Adapun dasar ketentuan tersebut adalah :
  • Dengan berlampaunya waktu,bukti - bukti mulai sulit  didapat. Kalaupun bukti - bukti itu ada, bukti - bukti itu sulit di percaya.
  • Bagi orang yang melarikan diri, masa melarikan diri yang lamanya sama dengan masa daluwarsa sudah menjadi suatu penderitaan/siksaan yang dapat di pandang sebagai suatu pidana tersendiri.
Jangka Waktu daluwarsa ternyata berbeda dengan tindak pidana yang satu dengan yang lain. Untuk pelanggaran dan kejahatan yang dilakukan dengan percetakan, jangka waktu daluwarsa satu tahun, untuk kejahatan yang di ancam dengan pidana penjara atau denda paling lama tiga tahun, jangka waktu daluwarsanya adalah em tahun, untuk kejahatan yang di ancam dengan pidana penjara lebih dari tiga tahun, jangka waktu daluwarsanya adalah dua belas tahun dan untuk kejahatan yang di ancam pidana mati atau penjara seumur hidup,jangka waktu daluwarsanya adalah delapan belas tahun.

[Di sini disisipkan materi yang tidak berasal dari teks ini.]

lemma abs_integral_sum_star_configs_le:
  assumes n: "1 \<le> n" and m: "1 \<le> m"
  defines "S \<equiv> \<Sum>f\<in>{0..m}. kf f"
  defines "V \<equiv> (S + 1 - m) div 2"
  shows "\<bar>\<integral>\<omega>. (\<Sum>c\<in>star_configs n m kf. \<Prod>f\<in>{0..m}. Xterm M n (kf f) (E f) (\<phi> f) (\<psi> f) \<kappa> U Y (c f) \<omega>) \<partial>M\<bar>
    \<le> real ((V + 1) * V ^ S) * (\<Prod>f\<in>{0..m}. factor_bound B (kf f) (c\<phi> f) (c\<psi> f))
      * real n powr (- (real m - 1) / 2)"
proof -
  let ?X = "\<lambda>c \<omega>. \<Prod>f\<in>{0..m}. Xterm M n (kf f) (E f) (\<phi> f) (\<psi> f) \<kappa> U Y (c f) \<omega>"
  let ?C = "(\<Prod>f\<in>{0..m}. factor_bound B (kf f) (c\<phi> f) (c\<psi> f)) * real n powr (- (real S / 2))"
  let ?SC = "star_configs n m kf"
  have C: "0 \<le> ?C"
    using \<phi>_bounded[OF _ restrict_zero_in_Dsimplex] \<psi>_bounded[OF _ restrict_zero_in_cube]
    by (intro mult_nonneg_nonneg prod_nonneg factor_bound_nonneg) (auto intro: order_trans[OF abs_ge_zero])
  have fin: "finite ?SC"
    by (rule finite_subset[of _ "PiE {0..m} (\<lambda>f. Iset n (kf f))"])
      (auto simp: star_configs_def intro: finite_PiE finite_Iset)
  have "(\<integral>\<omega>. (\<Sum>c\<in>?SC. ?X c \<omega>) \<partial>M) = (\<Sum>c\<in>?SC. \<integral>\<omega>. ?X c \<omega> \<partial>M)"
    using Xterm_family.integrable_prod_Xterm[OF star_config_Xterm_family]
    by (rule Bochner_Integration.integral_sum)
  then have "\<bar>\<integral>\<omega>. (\<Sum>c\<in>?SC. ?X c \<omega>) \<partial>M\<bar> \<le> (\<Sum>c\<in>?SC. \<bar>\<integral>\<omega>. ?X c \<omega> \<partial>M\<bar>)"
    by (simp add: sum_abs)
  also have "\<dots> \<le> (\<Sum>c\<in>?SC. if edges_repeated {0..m} E c then ?C else 0)"
    using abs_integral_star_config_le[OF n] unfolding S_def by (intro sum_mono) auto
  also have "\<dots> = real (card {c \<in> ?SC. edges_repeated {0..m} E c}) * ?C"
    using fin by (simp add: sum.If_cases Int_def)
  also have "\<dots> \<le> real ((V + 1) * n ^ V * V ^ S) * ?C"
    using card_repeated_star_configs_le[OF n m kf E] C unfolding S_def V_def
    by (intro mult_right_mono) (auto simp del: of_nat_mult)
  also have "\<dots> = real ((V + 1) * V ^ S) * (\<Prod>f\<in>{0..m}. factor_bound B (kf f) (c\<phi> f) (c\<psi> f))
      * (real n ^ V * real n powr (- (real S / 2)))"
    by (simp add: algebra_simps)
  also have "\<dots> \<le> real ((V + 1) * V ^ S) * (\<Prod>f\<in>{0..m}. factor_bound B (kf f) (c\<phi> f) (c\<psi> f))
      * real n powr (- (real m - 1) / 2)"
  proof -
    have "(\<Sum>f\<in>{0..m}. 1) \<le> S" unfolding S_def using kf by (intro sum_mono) auto
    moreover have "0 \<le> (\<Prod>f\<in>{0..m}. factor_bound B (kf f) (c\<phi> f) (c\<psi> f))"
      using C n by (simp add: zero_le_mult_iff)
    ultimately show ?thesis
      unfolding V_def by (intro mult_left_mono powr_star_exponent_le[OF n]) auto
  qed
  finally show ?thesis .
qed

end

lemma abs_integral_star_sum_le:
  fixes k :: "nat \<Rightarrow> nat" and F :: "nat \<Rightarrow> (nat \<times> nat) set"
    and \<phi> \<psi> :: "nat \<Rightarrow> (nat \<Rightarrow> real) \<Rightarrow> real" and c\<phi> c\<psi> :: "nat \<Rightarrow> real"
  assumes n: "1 \<le> n" and m: "1 \<le> m" and i: "i \<in> J" and ii: "\<And>l. l \<in> {1..m} \<Longrightarrow> ii l \<in> J"
    and k: "\<And>j. j \<in> J \<Longrightarrow> 1 \<le> k j"
    and F: "\<And>j. j \<in> J \<Longrightarrow> connected_graph_on (k j) (F j)"
    and \<psi>_measurable: "\<And>j. j \<in> J \<Longrightarrow>
      \<psi> j \<in> borel_measurable (restrict_space (PiM {1..k j} (\<lambda>_. borel)) (cube (k j)))"
    and \<phi>_bounded: "\<And>j x. j \<in> J \<Longrightarrow> x \<in> Dsimplex (k j) \<Longrightarrow> \<bar>\<phi> j x\<bar> \<le> c\<phi> j"
    and \<psi>_bounded: "\<And>j x. j \<in> J \<Longrightarrow> x \<in> cube (k j) \<Longrightarrow> \<bar>\<psi> j x\<bar> \<le> c\<psi> j"
  defines "idx \<equiv> \<lambda>f. if f = 0 then i else ii f"
  defines "S \<equiv> \<Sum>f\<in>{0..m}. k (idx f)"
  shows "\<bar>\<integral>\<omega>. (\<Sum>a\<in>Iset n (k i). \<Sum>bs\<in>PiE {1..m} (\<lambda>l. Nset n (k i) (k (ii l)) a).
        Xterm M n (k i) (F i) (\<phi> i) (\<psi> i) \<kappa> U Y a \<omega> *
        (\<Prod>l\<in>{1..m}. Xterm M n (k (ii l)) (F (ii l)) (\<phi> (ii l)) (\<psi> (ii l)) \<kappa> U Y (bs l) \<omega>)) \<partial>M\<bar>
    \<le> real (((S + 1 - m) div 2 + 1) * ((S + 1 - m) div 2) ^ S)
      * (\<Prod>f\<in>{0..m}. factor_bound B (k (idx f)) (c\<phi> (idx f)) (c\<psi> (idx f)))
      * real n powr (- (real m - 1) / 2)"
proof -
  have idx: "idx f \<in> J" if "f \<in> {0..m}" for f using that i ii by (auto simp: idx_def)
  have "(\<Sum>a\<in>Iset n (k i). \<Sum>bs\<in>PiE {1..m} (\<lambda>l. Nset n (k i) (k (ii l)) a).
        Xterm M n (k i) (F i) (\<phi> i) (\<psi> i) \<kappa> U Y a \<omega> *
        (\<Prod>l\<in>{1..m}. Xterm M n (k (ii l)) (F (ii l)) (\<phi> (ii l)) (\<psi> (ii l)) \<kappa> U Y (bs l) \<omega>))
      = (\<Sum>c\<in>star_configs n m (\<lambda>f. k (idx f)).
        \<Prod>f\<in>{0..m}. Xterm M n (k (idx f)) (F (idx f)) (\<phi> (idx f)) (\<psi> (idx f)) \<kappa> U Y (c f) \<omega>)" for \<omega>
    unfolding idx_def
    by (rule sum_star_eq_sum_star_configs[where g = "\<lambda>j a. Xterm M n (k j) (F j) (\<phi> j) (\<psi> j) \<kappa> U Y a \<omega>"])
  then show ?thesis
    unfolding S_def
    by (simp only:) (rule abs_integral_sum_star_configs_le; use n m k F \<psi>_measurable \<phi>_bounded \<psi>_bounded idx in auto)
qed

end
(* Let $x_0\in\mathbb{R}$ and $\varpi\in\mathbb{H}_{\mathbb{F}}$. Suppose Assumptions (A1)–(A4) hold. Then the functional $$I[v]=\mathbb{E}\left[\int_0^T \big(L(X_t,v_t)+\varpi_t v_t\big)\,dt+\Psi(X_T)\right],\qquad X_t=x_0+\int_0^t v_s\,ds,$$ is weakly lower semi-continuous on $\mathbb{H}_{\mathbb{F}}$.
   Context: Fix $T>0$ and a complete filtered probability space $(\Omega,\mathcal{F},\mathbb{F},\mathbb{P})$, where $\mathbb{F}$ is the standard filtration generated by a one-dimensional Brownian motion $W$. $\mathbb{H}_{\mathbb{F}}$ denotes the Hilbert space of measurable, $\mathbb{F}$-adapted processes $v:[0,T]\times\Omega\to\mathbb{R}$ with $\mathbb{E}[\int_0^T v_t^2dt]<\infty$, inner product $\langle v,w\rangle=\mathbb{E}[\int_0^Tv_tw_tdt]$. (A1) $L\in C^1(\mathbb{R}^2;[0,\infty))$ and $(x,v)\mapsto L(x,v)$ is convex. (A2) $\Psi\in C^1(\mathbb{R};[0,\infty))$ is convex. (A3) There are $C,\tilde C>0$ with $\Psi(x)\le C(1+|x|^2)$ and $|\Psi'(x)|\le \tilde C(1+|x|)$ for all $x$. (A4) There are $\tilde\beta,C>0$ with $L(x,v)\le\tilde\beta(1+|v|^2)$ and $|L_x(x,v)|,|L_v(x,v)|\le C(1+|v|)$ for all $(x,v)$. *)

theory Defs
  imports "HOL-Probability.Probability"
begin

definition brownian_motion :: "'a measure \<Rightarrow> (real \<Rightarrow> 'a \<Rightarrow> real) \<Rightarrow> bool" where
  "brownian_motion M W \<longleftrightarrow>
     prob_space M \<and>
     (\<forall>t\<ge>0. W t \<in> borel_measurable M) \<and>
     (AE \<omega> in M. W 0 \<omega> = 0) \<and>
     (AE \<omega> in M. continuous_on {0..} (\<lambda>t. W t \<omega>)) \<and>
     (\<forall>s t. 0 \<le> s \<and> s < t \<longrightarrow>
        distributed M lborel (\<lambda>\<omega>. W t \<omega> - W s \<omega>) (normal_density 0 (sqrt (t - s)))) \<and>
     (\<forall>ts. sorted_wrt (<) ts \<and> (\<forall>t\<in>set ts. 0 \<le> t) \<longrightarrow>
        prob_space.indep_vars M (\<lambda>_. borel)
          (\<lambda>i \<omega>. W (ts ! Suc i) \<omega> - W (ts ! i) \<omega>) {..<length ts - 1})"

definition complete_space_measure :: "'a measure \<Rightarrow> bool" where
  "complete_space_measure M \<longleftrightarrow> (\<forall>A\<in>null_sets M. \<forall>B\<subseteq>A. B \<in> sets M)"

definition brownian_filtration :: "'a measure \<Rightarrow> (real \<Rightarrow> 'a \<Rightarrow> real) \<Rightarrow> real \<Rightarrow> 'a set set" where
  "brownian_filtration M W t =
     sigma_sets (space M)
       ((\<Union>s\<in>{0..t}. {W s -` B \<inter> space M | B. B \<in> sets borel}) \<union> null_sets M)"

definition time_prod :: "'a measure \<Rightarrow> real \<Rightarrow> (real \<times> 'a) measure" where
  "time_prod M T = restrict_space lborel {0..T} \<Otimes>\<^sub>M M"

text \<open>The space H_F (representatives of its elements).\<close>
definition H_F :: "'a measure \<Rightarrow> (real \<Rightarrow> 'a set set) \<Rightarrow> real \<Rightarrow> (real \<Rightarrow> 'a \<Rightarrow> real) set" where
  "H_F M F T = {v.
     (\<lambda>(t, \<omega>). v t \<omega>) \<in> borel_measurable (time_prod M T) \<and>
     (\<forall>t\<in>{0..T}. v t \<in> borel_measurable (sigma (space M) (F t))) \<and>
     integrable (time_prod M T) (\<lambda>(t, \<omega>). (v t \<omega>)\<^sup>2)}"

definition H_inner :: "'a measure \<Rightarrow> real \<Rightarrow> (real \<Rightarrow> 'a \<Rightarrow> real) \<Rightarrow> (real \<Rightarrow> 'a \<Rightarrow> real) \<Rightarrow> real" where
  "H_inner M T v w = integral\<^sup>L (time_prod M T) (\<lambda>(t, \<omega>). v t \<omega> * w t \<omega>)"
(* The balls of radius eps/2 around the points of S are disjoint and lie in the ball of radius
   R + eps/2; compare volumes. *)
lemma card_separated_le:
  assumes eps: "0 < \<epsilon>" and R: "0 \<le> R" and S: "finite S" "\<forall>s\<in>S. N s \<le> R"
    and sep: "\<forall>s\<in>S. \<forall>t\<in>S. s \<noteq> t \<longrightarrow> \<epsilon> < N (\<lambda>i. s i - t i)"
  shows "real (card S) \<le> (1 + 2 * R / \<epsilon>) ^ n"
proof -
  define r where "r = \<epsilon> / 2"
  have r: "0 < r" using eps by (simp add: r_def)
  obtain v where v: "emeasure (lborel_vec n) (norm_ball (\<lambda>_. 0) 1) = ennreal v" "0 < v"
    using emeasure_unit_norm_ball_pos emeasure_unit_norm_ball_finite
    by (metis ennreal_cases ennreal_less_zero_iff infinity_ennreal_def less_irrefl)
  have "emeasure (lborel_vec n) (\<Union>s\<in>S. norm_ball s r)
          \<le> emeasure (lborel_vec n) (norm_ball (\<lambda>_. 0) (R + r))"
    by (rule emeasure_mono[OF UN_norm_ball_subset[OF S(2)] sets_norm_ball])
  moreover have "emeasure (lborel_vec n) (\<Union>s\<in>S. norm_ball s r)
                   = (\<Sum>s\<in>S. emeasure (lborel_vec n) (norm_ball s r))"
    using sets_norm_ball disjoint_family_on_norm_ball[of S r] sep S(1)
    by (intro sum_emeasure[symmetric]) (auto simp: r_def)
  moreover have "emeasure (lborel_vec n) (norm_ball s r') = ennreal (r' ^ n * v)"
    if "0 < r'" for s r'
    using emeasure_norm_ball[OF that] ennreal_mult[of "r' ^ n" v] that v by simp
  ultimately have "of_nat (card S) * ennreal (r ^ n * v) \<le> ennreal ((R + r) ^ n * v)"
    using r R by simp
  then have "ennreal (real (card S) * (r ^ n * v)) \<le> ennreal ((R + r) ^ n * v)"
    using r v by (simp add: ennreal_of_nat_eq_real_of_nat ennreal_mult)
  then have "real (card S) * r ^ n \<le> (R + r) ^ n"
    using r R v by (simp add: ennreal_le_iff)
  then have "real (card S) \<le> ((R + r) / r) ^ n"
    using r by (simp add: power_divide field_simps)
  also have "(R + r) / r = 1 + 2 * R / \<epsilon>"
    using eps by (simp add: r_def field_simps)
  finally show ?thesis .
qed

lemma finite_cover:
  assumes eps: "0 < \<epsilon>" and R: "0 \<le> R" and A: "\<forall>v\<in>A. N v \<le> R"
  shows "\<exists>C. finite C \<and> C \<subseteq> A \<and> real (card C) \<le> (1 + 2 * R / \<epsilon>) ^ n \<and>
             (\<forall>v\<in>A. \<exists>c\<in>C. N (\<lambda>i. v i - c i) \<le> \<epsilon>)"
  \<comment> \<open>A maximal \<open>\<epsilon>\<close>-separated subset of \<open>A\<close> is an \<open>\<epsilon>\<close>-net.\<close>
proof -
  define separated where "separated T \<longleftrightarrow> finite T \<and> T \<subseteq> A \<and>
      (\<forall>s\<in>T. \<forall>t\<in>T. s \<noteq> t \<longrightarrow> \<epsilon> < N (\<lambda>i. s i - t i))" for T
  have card_le: "real (card T) \<le> (1 + 2 * R / \<epsilon>) ^ n" if "separated T" for T
    using that A unfolding separated_def by (intro card_separated_le[OF eps R]) auto
  define cards where "cards = {card T | T. separated T}"
  have "card T \<le> nat \<lceil>(1 + 2 * R / \<epsilon>) ^ n\<rceil>" if "separated T" for T
    using card_le[OF that] by linarith
  then have "cards \<subseteq> {..nat \<lceil>(1 + 2 * R / \<epsilon>) ^ n\<rceil>}"
    by (auto simp: cards_def)
  moreover have "separated {}"
    by (simp add: separated_def)
  then have "card {} \<in> cards"
    unfolding cards_def by (intro CollectI exI[of _ "{}"]) simp
  ultimately have fin: "finite cards" and "Max cards \<in> cards"
    by (auto intro: Max_in finite_subset)
  then obtain T where T: "separated T" "card T = Max cards"
    by (auto simp: cards_def)
  have "\<exists>c\<in>T. N (\<lambda>i. v i - c i) \<le> \<epsilon>" if v: "v \<in> A" for v
  proof (rule ccontr)
    assume "\<not> ?thesis"
    then have far: "\<forall>c\<in>T. \<epsilon> < N (\<lambda>i. v i - c i) \<and> \<epsilon> < N (\<lambda>i. c i - v i)"
      using minus_commute[of v] by (simp add: not_le)
    then have "v \<notin> T" using eps zero by force
    have "separated (insert v T)"
      using T(1) far v by (auto simp: separated_def)
    then have "card (insert v T) \<in> cards"
      unfolding cards_def by blast
    then have "card (insert v T) \<le> Max cards"
      using fin by simp
    then show False
      using T \<open>v \<notin> T\<close> by (simp add: separated_def)
  qed
  moreover have "finite T" "T \<subseteq> A"
    using T(1) by (auto simp: separated_def)
  ultimately show ?thesis
    using card_le[OF T(1)] by blast
qed
section \<open>Integration over the torus\<close>

lemma T2_cbox: "T2 = cbox (0, 0) (2*pi, 2*pi)"
  unfolding T2_def cbox_Pair_eq by (simp only: cbox_interval)

lemma set_integrable_T2:
  fixes G :: "real \<times> real \<Rightarrow> 'b::{banach, second_countable_topology}"
  assumes "continuous_on T2 G"
  shows "set_integrable lborel T2 G"
  unfolding set_integrable_def
  by (rule borel_integrable_compact) (use assms in \<open>auto simp: T2_cbox\<close>)

lemma set_lebesgue_integral_T2:
  fixes G :: "real \<times> real \<Rightarrow> complex"
  assumes "continuous_on T2 G"
  shows "(LINT x:T2|lborel. G x) = integral T2 G"
  by (rule set_borel_integral_eq_integral(2)[OF set_integrable_T2[OF assms]])

lemma set_lebesgue_integral_T2_iterated:
  fixes G :: "real \<times> real \<Rightarrow> complex"
  assumes "continuous_on T2 G"
  shows "(LINT x:T2|lborel. G x) = integral {0..2*pi} (\<lambda>s. integral {0..2*pi} (\<lambda>t. G (s, t)))"
proof -
  have "integral T2 G = integral (cbox 0 (2*pi)) (\<lambda>s. integral (cbox 0 (2*pi)) (\<lambda>t. G (s, t)))"
    unfolding T2_cbox by (rule integral_prod_continuous) (use assms in \<open>simp add: T2_cbox\<close>)
  then show ?thesis by (simp add: set_lebesgue_integral_T2[OF assms] cbox_interval)
qed

lemma tor_monomial: "tor (\<lambda>z w. z powi j * w ^ k) x = cis (of_int j * fst x) * cis (of_nat k * snd x)"
  by (simp add: tor_def cis_power_int Complex.DeMoivre)
lemma disc_value_iff:
  fixes K :: "real^'n::finite^'n"
  assumes "stochastic K" "0 \<le> x" "x < 1"
  shows "u = disc_value x K c \<longleftrightarrow> (\<forall>i. u$i = c$i + x * (K *v u)$i)"
proof -
  let ?A = "mat 1 - x *\<^sub>R K"
  have "\<exists>A'. ?A ** A' = mat 1 \<and> A' ** ?A = mat 1"
    using det_I_minus_scaled_stochastic_nonzero[OF assms]
    by (simp add: invertible_det_nz[symmetric] invertible_def)
  from someI_ex[OF this] have "?A ** matrix_inv ?A = mat 1" "matrix_inv ?A ** ?A = mat 1"
    unfolding matrix_inv_def by auto
  then have "u = disc_value x K c \<longleftrightarrow> ?A *v u = c"
    unfolding disc_value_def by (metis matrix_vector_mul_assoc matrix_vector_mul_lid)
  also have "\<dots> \<longleftrightarrow> (\<forall>i. u$i - x * (K *v u)$i = c$i)"
    by (simp only: vec_eq_iff I_minus_scaled_mult_component)
  finally show ?thesis by (auto simp: algebra_simps)
qed

lemma disc_value_fixpoint:
  fixes K :: "real^'n::finite^'n"
  assumes "stochastic K" "0 \<le> x" "x < 1"
  shows "disc_value x K c $ i = c$i + x * (K *v disc_value x K c)$i"
  using disc_value_iff[OF assms, of "disc_value x K c" c] by blast

lemma disc_value_solves:
  fixes K :: "real^'n::finite^'n"
  assumes "stochastic K" "0 \<le> x" "x < 1"
  shows "(mat 1 - x *\<^sub>R K) *v disc_value x K c = c"
  using disc_value_fixpoint[OF assms] by (simp add: vec_eq_iff I_minus_scaled_mult_component)
lemma sesq_diag_state:
  assumes "orthonormal_basis2 u v"
  shows "sesq (diag_state u v s) u u = of_real ((1 + s) / 2)"
    and "sesq (diag_state u v s) v v = of_real ((1 - s) / 2)"
proof -
  have "cinner v u = 0" using assms cnj_cinner[of u v] by (simp add: orthonormal_basis2_def)
  then show "sesq (diag_state u v s) u u = of_real ((1 + s) / 2)"
    and "sesq (diag_state u v s) v v = of_real ((1 - s) / 2)"
    using assms by (simp_all add: orthonormal_basis2_def diag_state_def sesq_add_matrix
        sesq_scaleR_matrix sesq_outer)
qed

definition min_cost :: "real \<Rightarrow> real \<Rightarrow> real" where
  "min_cost s t = 1 + \<bar>s - t\<bar> / 2 - sqrt ((1 + min s t) * (1 - max s t))"

lemma min_cost_eq_overlaps:
  fixes s t :: real
  defines "a \<equiv> min ((1 + s) / 2) ((1 + t) / 2)" and "b \<equiv> min ((1 - s) / 2) ((1 - t) / 2)"
  shows "min_cost s t = 2 - a - b - 2 * sqrt (a * b)"
proof -
  have "a + b = 1 - \<bar>s - t\<bar> / 2"
    unfolding a_def b_def by (auto simp: min_def abs_if field_simps)
  moreover have "(1 + min s t) * (1 - max s t) = 4 * (a * b)"
    unfolding a_def b_def by (auto simp: min_def max_def field_simps)
  ultimately show ?thesis
    unfolding min_cost_def by (simp add: real_sqrt_mult)
qed

lemma min_cost_nonneg:
  assumes "\<bar>s\<bar> \<le> 1" and "\<bar>t\<bar> \<le> 1"
  shows "0 \<le> min_cost s t"
proof -
  have "0 \<le> 1 + min s t" and "0 \<le> 1 - max s t" using assms by auto
  then have "sqrt ((1 + min s t) * (1 - max s t)) \<le> ((1 + min s t) + (1 - max s t)) / 2"
    by (rule arith_geo_mean_sqrt)
  also have "\<dots> \<le> 1" by simp
  also have "\<dots> \<le> 1 + \<bar>s - t\<bar> / 2" by simp
  finally show ?thesis unfolding min_cost_def by simp
qed

lemma coupling_cost_lower_bound:
  assumes onb: "orthonormal_basis2 u v"
    and P: "P \<in> couplings (diag_state u v s) (diag_state u v t)"
  shows "2 powr p * min_cost s t \<le> Re (trace (P ** C_symm p))"
proof -
  define a where "a = min ((1 + s) / 2) ((1 + t) / 2)"
  define b where "b = min ((1 - s) / 2) ((1 - t) / 2)"
  have psd: "psd P" and tr: "trace P = 1"
    and marg_dual: "ptrace_dual P = diag_state u v t"
    and marg_H: "transpose (ptrace_H P) = diag_state u v s"
    using P by (auto simp: couplings_def is_state_def)
  have cmp: "outer u u + outer v v = mat 1"
    using onb by (simp add: orthonormal_basis2_def)
  define w where "w = (\<lambda>x y. Re (sesq P (tensor_dual x y) (tensor_dual x y)))"
  have w_nonneg: "0 \<le> w x y" for x y
    unfolding w_def by (rule psd_sesq_nonneg[OF psd])
  have "w u u + w u v = (1 + t) / 2" and "w v u + w v v = (1 - t) / 2"
    using arg_cong[OF sesq_tensor_ptrace_dual[OF cmp, of P u], of Re]
      arg_cong[OF sesq_tensor_ptrace_dual[OF cmp, of P v], of Re]
    by (simp_all add: w_def marg_dual sesq_diag_state[OF onb])
  moreover have "w u u + w v u = (1 + s) / 2" and "w u v + w v v = (1 - s) / 2"
    using arg_cong[OF sesq_tensor_ptrace_H[OF cmp, of P u], of Re]
      arg_cong[OF sesq_tensor_ptrace_H[OF cmp, of P v], of Re]
    by (simp_all add: w_def marg_H sesq_diag_state[OF onb])
  ultimately have "w u u \<le> a" "w v v \<le> b"
    using w_nonneg[of u v] w_nonneg[of v u] unfolding a_def b_def by (auto simp: min_def)
  moreover from this have "sqrt (w u u * w v v) \<le> sqrt (a * b)"
    using w_nonneg[of u u] w_nonneg[of v v] by (intro real_sqrt_le_mono mult_mono) auto
  ultimately have "w u u + w v v + 2 * sqrt (w u u * w v v) \<le> a + b + 2 * sqrt (a * b)"
    by linarith
  moreover have "Re (sesq P max_entangled max_entangled) \<le> w u u + w v v + 2 * sqrt (w u u * w v v)"
    using psd_sesq_cross_le[OF psd, of "tensor_dual u u" "tensor_dual v v"]
    unfolding max_entangled_eq_tensor[OF cmp] w_def
    by (simp add: sesq_add_left sesq_add_right)
  ultimately have "Re (sesq P max_entangled max_entangled) \<le> a + b + 2 * sqrt (a * b)"
    by linarith
  then show ?thesis
    unfolding coupling_cost_eq[OF tr] min_cost_eq_overlaps a_def[symmetric] b_def[symmetric]
    by (intro mult_left_mono) auto
qed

Baca Juga : Alasan Penghapusan,Pengurangan, dan Penambahan Pidana

2. Hal - hal yang dapat menyebabkan gugurnya kewenangan menjalani pidana adalah :

  • Matinya terpidana (pasal 83 KUHP)
  • Daluwarsa (pasal 84 KUHP)
Dalam KHUP pasal 83 menyebutkan :
"Kewenangan menjalankan pidana hapus jika terpidana meninggal dunia"
Sedangkan dalam pasal 84 ayat 1 KUHP menyebutkan :
" kewenangan menjalankan pidana hapus karena daluwarsa"
Tenggat waktu daluwarsa juga berbeda antara tindak pidana yang satu dengan yang lainnya. Bagi pelanggaran, jangka waktu daluwarsanya adalah dua tahun, bagi kejahatan yang dilakukan dengan sarana percetakan,jangka waktu daluwarsanya adalah 5 tahun, untuk kejahatan - kejahtan lainnya, jangka waktu daluwarsanya sama dengan jangka waktu daluwarsa yang diatur pasa pasal 78 KUHP.